Pero de todas las explicaciones burdas que he escuchado por estos días, hubo una que me llamó especialmente la atención. Fue aquella utilizada por más de un parlamentario de derecha que, tratando de explicar su negativa a siquiera discutir el tema, dijo que “lo que nosotros queremos es que el Estado recaude más, pero, al mismo tiempo, que ese dinero sea bien utilizado”.

Debo suponer que se refieren a que, si entra más plata a las arcas del Tatita Fisco, ésta no se bote, como se está botando, por ejemplo, desde que Piñera inventó ese organismo llamado “Estadio Seguro” y que nunca ha servido para nada, excepto para darle una pega casi con rango de ministro a un semi analfabeto. Como se está botando al mantener a los “delegados presidenciales”, otra entelequia inventada en 2017, pero a la cual le hizo de chupete Piñera, para darles pega a 16 amigos necesitados. Como se ha botado en las Fuerzas Armadas, en los pacos y en los tiras, en que los con charreteras han choreado que es un gusto y a manos llenas durante todos estos años.

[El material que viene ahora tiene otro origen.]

text \<open>The pointwise first variations of \<open>WF F\<close> and \<open>EF F\<close> in direction \<open>\<phi> e\<close>, after the Weingarten
  equations and the conformality relations have been used to simplify them.\<close>

definition W_variation_density :: "(real \<Rightarrow> real) \<Rightarrow> (real \<Rightarrow> real) \<Rightarrow> (real^2 \<Rightarrow> real) \<Rightarrow> real^3 \<Rightarrow> real^2 \<Rightarrow> real" where
  "W_variation_density F F' \<phi> e p =
    F ((mcurv \<Phi> p)\<^sup>2) * (pd 1 \<Phi> p \<bullet> e * pd 1 \<phi> p + pd 2 \<Phi> p \<bullet> e * pd 2 \<phi> p)
    + mcurv \<Phi> p * F' ((mcurv \<Phi> p)\<^sup>2) * (nrm \<Phi> p \<bullet> e * (pd 1 (pd 1 \<phi>) p + pd 2 (pd 2 \<phi>) p)
        + 2 * (pd 1 (nrm \<Phi>) p \<bullet> e * pd 1 \<phi> p + pd 2 (nrm \<Phi>) p \<bullet> e * pd 2 \<phi> p))"

definition E_variation_term ::
    "(real \<Rightarrow> real) \<Rightarrow> (real \<Rightarrow> real) \<Rightarrow> (real^2 \<Rightarrow> real) \<Rightarrow> real^3 \<Rightarrow> 2 \<Rightarrow> real^2 \<Rightarrow> real" where
  "E_variation_term F F' \<phi> e i p =
    pd i \<phi> p * (F (sqA \<Phi> p) * (pd i \<Phi> p \<bullet> e)
      - (2 / E p) * F' (sqA \<Phi> p) * (\<Sum>j\<in>UNIV. (pd i (nrm \<Phi>) p \<bullet> pd j (nrm \<Phi>) p) * (pd j \<Phi> p \<bullet> e)))
    - F' (sqA \<Phi> p) * (\<Sum>k\<in>UNIV. ((2 / E p) * (nrm \<Phi> p \<bullet> e) * pd i \<phi> p) * (pd k (nrm \<Phi>) p \<bullet> hess p k i)
        + (2 * (- (2 * (pd 1 \<Phi> p \<bullet> hess p k 1)) / (E p * E p) * (nrm \<Phi> p \<bullet> e) * pd i \<phi> p
            + (1 / E p) * ((pd k (nrm \<Phi>) p \<bullet> e) * pd i \<phi> p + (nrm \<Phi> p \<bullet> e) * pd k (pd i \<phi>) p)))
          * (pd k (nrm \<Phi>) p \<bullet> pd i \<Phi> p))"

definition E_variation_density :: "(real \<Rightarrow> real) \<Rightarrow> (real \<Rightarrow> real) \<Rightarrow> (real^2 \<Rightarrow> real) \<Rightarrow> real^3 \<Rightarrow> real^2 \<Rightarrow> real" where
  "E_variation_density F F' \<phi> e p = (\<Sum>i\<in>UNIV. E_variation_term F F' \<phi> e i p)"

lemma W_density_deriv_eq_variation_density:
  assumes p: "p \<in> U"
  shows "W_density_deriv F F' (pd 1 \<Phi> p) (pd 2 \<Phi> p) (hess p) (pd 1 \<phi> p *\<^sub>R e) (pd 2 \<phi> p *\<^sub>R e)
      (\<lambda>i j. pd i (pd j \<phi>) p *\<^sub>R e) = W_variation_density F F' \<phi> e p"
proof -
  interpret conformal_frame "pd 1 \<Phi> p" "pd 2 \<Phi> p" "E p" using conformal_frame_at[OF p] .
  have H: "mcurv_coeffs (pd 1 \<Phi> p \<bullet> pd 1 \<Phi> p) (pd 1 \<Phi> p \<bullet> pd 2 \<Phi> p) (pd 2 \<Phi> p \<bullet> pd 2 \<Phi> p)
     (hess p 1 1 \<bullet> cross3 (pd 1 \<Phi> p) (pd 2 \<Phi> p)) (hess p 1 2 \<bullet> cross3 (pd 1 \<Phi> p) (pd 2 \<Phi> p))
     (hess p 2 1 \<bullet> cross3 (pd 1 \<Phi> p) (pd 2 \<Phi> p)) (hess p 2 2 \<bullet> cross3 (pd 1 \<Phi> p) (pd 2 \<Phi> p))
     (norm (cross3 (pd 1 \<Phi> p) (pd 2 \<Phi> p))) = mcurv \<Phi> p"
    using mcurv_eq_mcurv_jet[OF cross3_pd_nonzero[OF p]] by (simp add: mcurv_jet_eq_coeffs)
  have two_E: "2 * E p \<noteq> 0" by simp
  note H' = eq_divide_imp[OF _ mcurv_deriv_in_frame[OF frame_decomp[of e] hess_in_frame(1)[OF p] hess_in_frame(2-8)[OF p],
      of "pd 1 \<phi> p" "pd 2 \<phi> p" "\<lambda>i j. pd i (pd j \<phi>) p"]]
  show ?thesis
    unfolding W_density_deriv_def Let_def H H'[OF two_E]
    unfolding area_deriv_in_frame[OF frame_decomp[of e]]
    unfolding norm_cross3_XY W_variation_density_def
      nrm_eq_frame_normal[OF p] weingarten[OF p]
    using E_pos by (simp add: field_simps)
qed

lemma E_density_deriv_eq_variation_density:
  assumes p: "p \<in> U" and \<phi>: "smooth_on UNIV \<phi>"
  shows "E_density_deriv F F' (pd 1 \<Phi> p) (pd 2 \<Phi> p) (hess p) (pd 1 \<phi> p *\<^sub>R e) (pd 2 \<phi> p *\<^sub>R e)
      (\<lambda>i j. pd i (pd j \<phi>) p *\<^sub>R e) = E_variation_density F F' \<phi> e p"
proof -
  interpret conformal_frame "pd 1 \<Phi> p" "pd 2 \<Phi> p" "E p" using conformal_frame_at[OF p] .
  have A: "sqA_coeffs (pd 1 \<Phi> p \<bullet> pd 1 \<Phi> p) (pd 1 \<Phi> p \<bullet> pd 2 \<Phi> p) (pd 2 \<Phi> p \<bullet> pd 2 \<Phi> p)
     (\<lambda>i j. hess p i j \<bullet> cross3 (pd 1 \<Phi> p) (pd 2 \<Phi> p))
     (cross3 (pd 1 \<Phi> p) (pd 2 \<Phi> p) \<bullet> cross3 (pd 1 \<Phi> p) (pd 2 \<Phi> p)) = sqA \<Phi> p"
    using sqA_eq_sqA_jet[OF cross3_pd_nonzero[OF p]] by (simp add: sqA_jet_eq_coeffs)
  have \<phi>_sym: "(\<lambda>i j. pd i (pd j \<phi>) p) 2 1 = (\<lambda>i j. pd i (pd j \<phi>) p) 1 2"
    using pd_commute_smooth[OF open_UNIV \<phi>] by simp
  note A' = eq_divide_imp[OF _ sqA_deriv_in_frame[OF frame_decomp[of e] hess_in_frame(1)[OF p] hess_in_frame(2-8)[OF p]
      \<phi>_sym, of "pd 1 \<phi> p" "pd 2 \<phi> p"]]
  show ?thesis
    unfolding E_density_deriv_def Let_def A A'[OF exp_not_eq_zero]
    unfolding area_deriv_in_frame[OF frame_decomp[of e]]
    unfolding norm_cross3_XY E_variation_density_def E_variation_term_def
      nrm_eq_frame_normal[OF p] weingarten[OF p]
    using E_pos by (simp add: field_simps sum_2)
qed

section \<open>The divergences as distributions\<close>

context
  fixes F F' :: "real \<Rightarrow> real" and \<phi> :: "real^2 \<Rightarrow> real" and K :: "(real^2) set"
  assumes F: "\<And>s. (F has_real_derivative F' s) (at s)" and F': "continuous_on UNIV F'"
    and \<phi>: "smooth_on UNIV \<phi>" and K: "compact K" "K \<subseteq> U" and \<phi>_0: "\<And>p. p \<notin> K \<Longrightarrow> \<phi> p = 0"
begin

lemma continuous_on_F: "continuous_on UNIV F"
  using F by (meson DERIV_isCont continuous_at_imp_continuous_on)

Pero, un poco de autocrítica, muchachines. ¿Acaso piensan que lo que el Estado gasta en mantener el Congreso, o sea, a ustedes mismos, es una bagatela, un pelo de la cola? Por supuesto que no, poh, tropa de pelafustanes engreídos. De partida, ustedes son los parlamentarios mejor pagados de Latinoamérica, y no digamos que ambos hemiciclos están plagados de lumbreras. Más bien es al revés, al punto que muchos de ustedes estarían caros para una Junta de Vecinos.

Ya que más bien son tronquelis que talentosos, ¿se rompen acaso el lomo laburando, como lo hace en el fútbol el jugador poco dotado y patadura? Tampoco, viejo. Las leyes duermen por años, mientras ustedes se dan toda clase de ínfulas y les meten el dedo en la boca a los giles. Son tan caraduras, además, que aprobaron una Ley de Pesca absoluta y totalmente corrupta y les importó un huevo, al punto que ésta, tan espuria como ilegítima, sigue operando como si nada. ¡Y ni siquiera les da un poco de vergüenza…!

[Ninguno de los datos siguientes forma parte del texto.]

text \<open>Let M map f to the largest, over all actions, expected value of f after one step (and to 0
  at terminal states). Every Bellman operator T_d^pi, and hence T_exp as a supremum of them over the
  nonempty constraint sets, satisfies |T V - T W| \<le> M |V - W|. Under the standing assumption
  M^N 1 \<le> \<gamma> < 1 for some N: otherwise the states at which all iterates M^k 1 equal 1 would form a
  nonempty set that some deterministic policy never leaves. So all these operators are N-step
  contractions for the sup distance, and each has a unique fixed point attracting all iterates.
  For T_d^pi this fixed point is V^pi, the iterates from 0 being the partial sums of the expected
  costs. A greedy policy makes V_exp a fixed point of its own Bellman operator, so V^pi_e = V_exp;
  for a feasible pi, T_d^pi V_exp \<le> T_exp V_exp = V_exp, and monotonicity gives V^pi \<le> V_exp.\<close>

definition sup_dist :: "('z::finite \<Rightarrow> real) \<Rightarrow> ('z \<Rightarrow> real) \<Rightarrow> real" where
  "sup_dist V W = Max (range (\<lambda>z. \<bar>V z - W z\<bar>))"

lemma abs_le_sup_dist: "\<bar>V z - W z\<bar> \<le> sup_dist V W"
  unfolding sup_dist_def by (rule Max_ge) auto

lemma sup_dist_le_iff: "sup_dist V W \<le> c \<longleftrightarrow> (\<forall>z. \<bar>V z - W z\<bar> \<le> c)"
  unfolding sup_dist_def by (subst Max_le_iff) auto

lemma sup_dist_less_iff: "sup_dist V W < c \<longleftrightarrow> (\<forall>z. \<bar>V z - W z\<bar> < c)"
  unfolding sup_dist_def by (subst Max_less_iff) auto

lemma sup_dist_nonneg: "0 \<le> sup_dist V W"
  using abs_le_sup_dist[of V undefined W] by linarith

lemma Metric_space_sup_dist: "Metric_space UNIV (sup_dist :: ('z::finite \<Rightarrow> real) \<Rightarrow> _)"
proof
  fix V W U :: "'z \<Rightarrow> real"
  show "0 \<le> sup_dist V W" by (rule sup_dist_nonneg)
  show "sup_dist V W = sup_dist W V" unfolding sup_dist_def by (simp add: abs_minus_commute)
  show "sup_dist V W = 0 \<longleftrightarrow> V = W"
  proof
    assume "sup_dist V W = 0"
    then show "V = W"
      using abs_le_sup_dist[of V _ W] by (auto intro: ext)
  qed (simp add: sup_dist_def)
  show "sup_dist V U \<le> sup_dist V W + sup_dist W U"
    unfolding sup_dist_le_iff
  proof
    fix z
    show "\<bar>V z - U z\<bar> \<le> sup_dist V W + sup_dist W U"
      using abs_le_sup_dist[of V z W] abs_le_sup_dist[of W z U] by linarith
  qed
qed

lemma mcomplete_sup_dist: "Metric_space.mcomplete (UNIV :: ('z::finite \<Rightarrow> real) set) sup_dist"
  unfolding Metric_space.mcomplete_def[OF Metric_space_sup_dist]
proof (intro allI impI)
  fix \<sigma> :: "nat \<Rightarrow> 'z \<Rightarrow> real"
  assume "Metric_space.MCauchy UNIV sup_dist \<sigma>"
  then have cauchy: "\<exists>N. \<forall>n n'. N \<le> n \<longrightarrow> N \<le> n' \<longrightarrow> sup_dist (\<sigma> n) (\<sigma> n') < e" if "e > 0" for e
    using that unfolding Metric_space.MCauchy_def[OF Metric_space_sup_dist] by blast
  have "\<exists>l. (\<lambda>n. \<sigma> n z) \<longlonglongrightarrow> l" for z
    unfolding convergent_eq_Cauchy
  proof (rule metric_CauchyI)
    fix e :: real assume "e > 0"
    then show "\<exists>N. \<forall>m\<ge>N. \<forall>n\<ge>N. dist (\<sigma> m z) (\<sigma> n z) < e"
      using cauchy abs_le_sup_dist[of "\<sigma> _" z] unfolding dist_real_def by (meson le_less_trans)
  qed
  then obtain F where F: "\<And>z. (\<lambda>n. \<sigma> n z) \<longlonglongrightarrow> F z"
    by metis
  have "\<forall>\<^sub>F n in sequentially. sup_dist (\<sigma> n) F < e" if "e > 0" for e
  proof -
    have "\<forall>\<^sub>F n in sequentially. \<bar>\<sigma> n z - F z\<bar> < e" for z
      using tendstoD[OF F[of z] \<open>e > 0\<close>] by (simp add: dist_real_def)
    then show ?thesis
      unfolding sup_dist_less_iff by (rule eventually_all_finite)
  qed
  then show "\<exists>F. limitin (Metric_space.mtopology UNIV sup_dist) \<sigma> F sequentially"
    unfolding Metric_space.limitin_metric[OF Metric_space_sup_dist] by auto
qed

lemma decseq_periodic_contraction:
  fixes a :: "nat \<Rightarrow> real"
  assumes "decseq a" and contract: "\<And>n. a (N + n) \<le> \<gamma> * a n" and "0 < N" "0 \<le> \<gamma>"
  shows "a n \<le> \<gamma>^(n div N) * a 0"
proof (induction n rule: less_induct)
  case (less n)
  show ?case
  proof (cases "n < N")
    case True
    then show ?thesis
      using decseqD[OF \<open>decseq a\<close>, of 0 n] by simp
  next
    case False
    then have n: "n = N + (n - N)" and div: "n div N = Suc ((n - N) div N)"
      using \<open>0 < N\<close> by (simp_all add: div_if)
    have "a n \<le> \<gamma> * a (n - N)"
      using contract[of "n - N"] n by simp
    also have "\<dots> \<le> \<gamma> * (\<gamma>^((n - N) div N) * a 0)"
      using less[of "n - N"] \<open>0 < N\<close> \<open>0 \<le> \<gamma>\<close> False by (intro mult_left_mono) auto
    finally show ?thesis
      by (simp add: div)
  qed
qed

¿Les preocupa a ustedes que el Estado malgaste los escasos recursos de que dispone, y que claramente no dan para tanta necesidad? Demuéstrenlo con hechos, y no haciendo gárgaras, tropa de badulaques. Rebájense sus obscenas dietas. Renuncien a esas irritantes prebendas que tienen, como pasajes en avión, platita extra para asesores y bencina y celulares, que también se los dan al gratín. Si les dieran uno, vaya y pase, pero se sabe que muchos de ustedes reparten esos celulares como Viejitos Pascueros, porque son tantos, que algunos han ido a parar incluso a manos de la señora o del marido. O del o la amante. Y tampoco esto les da vergüenza.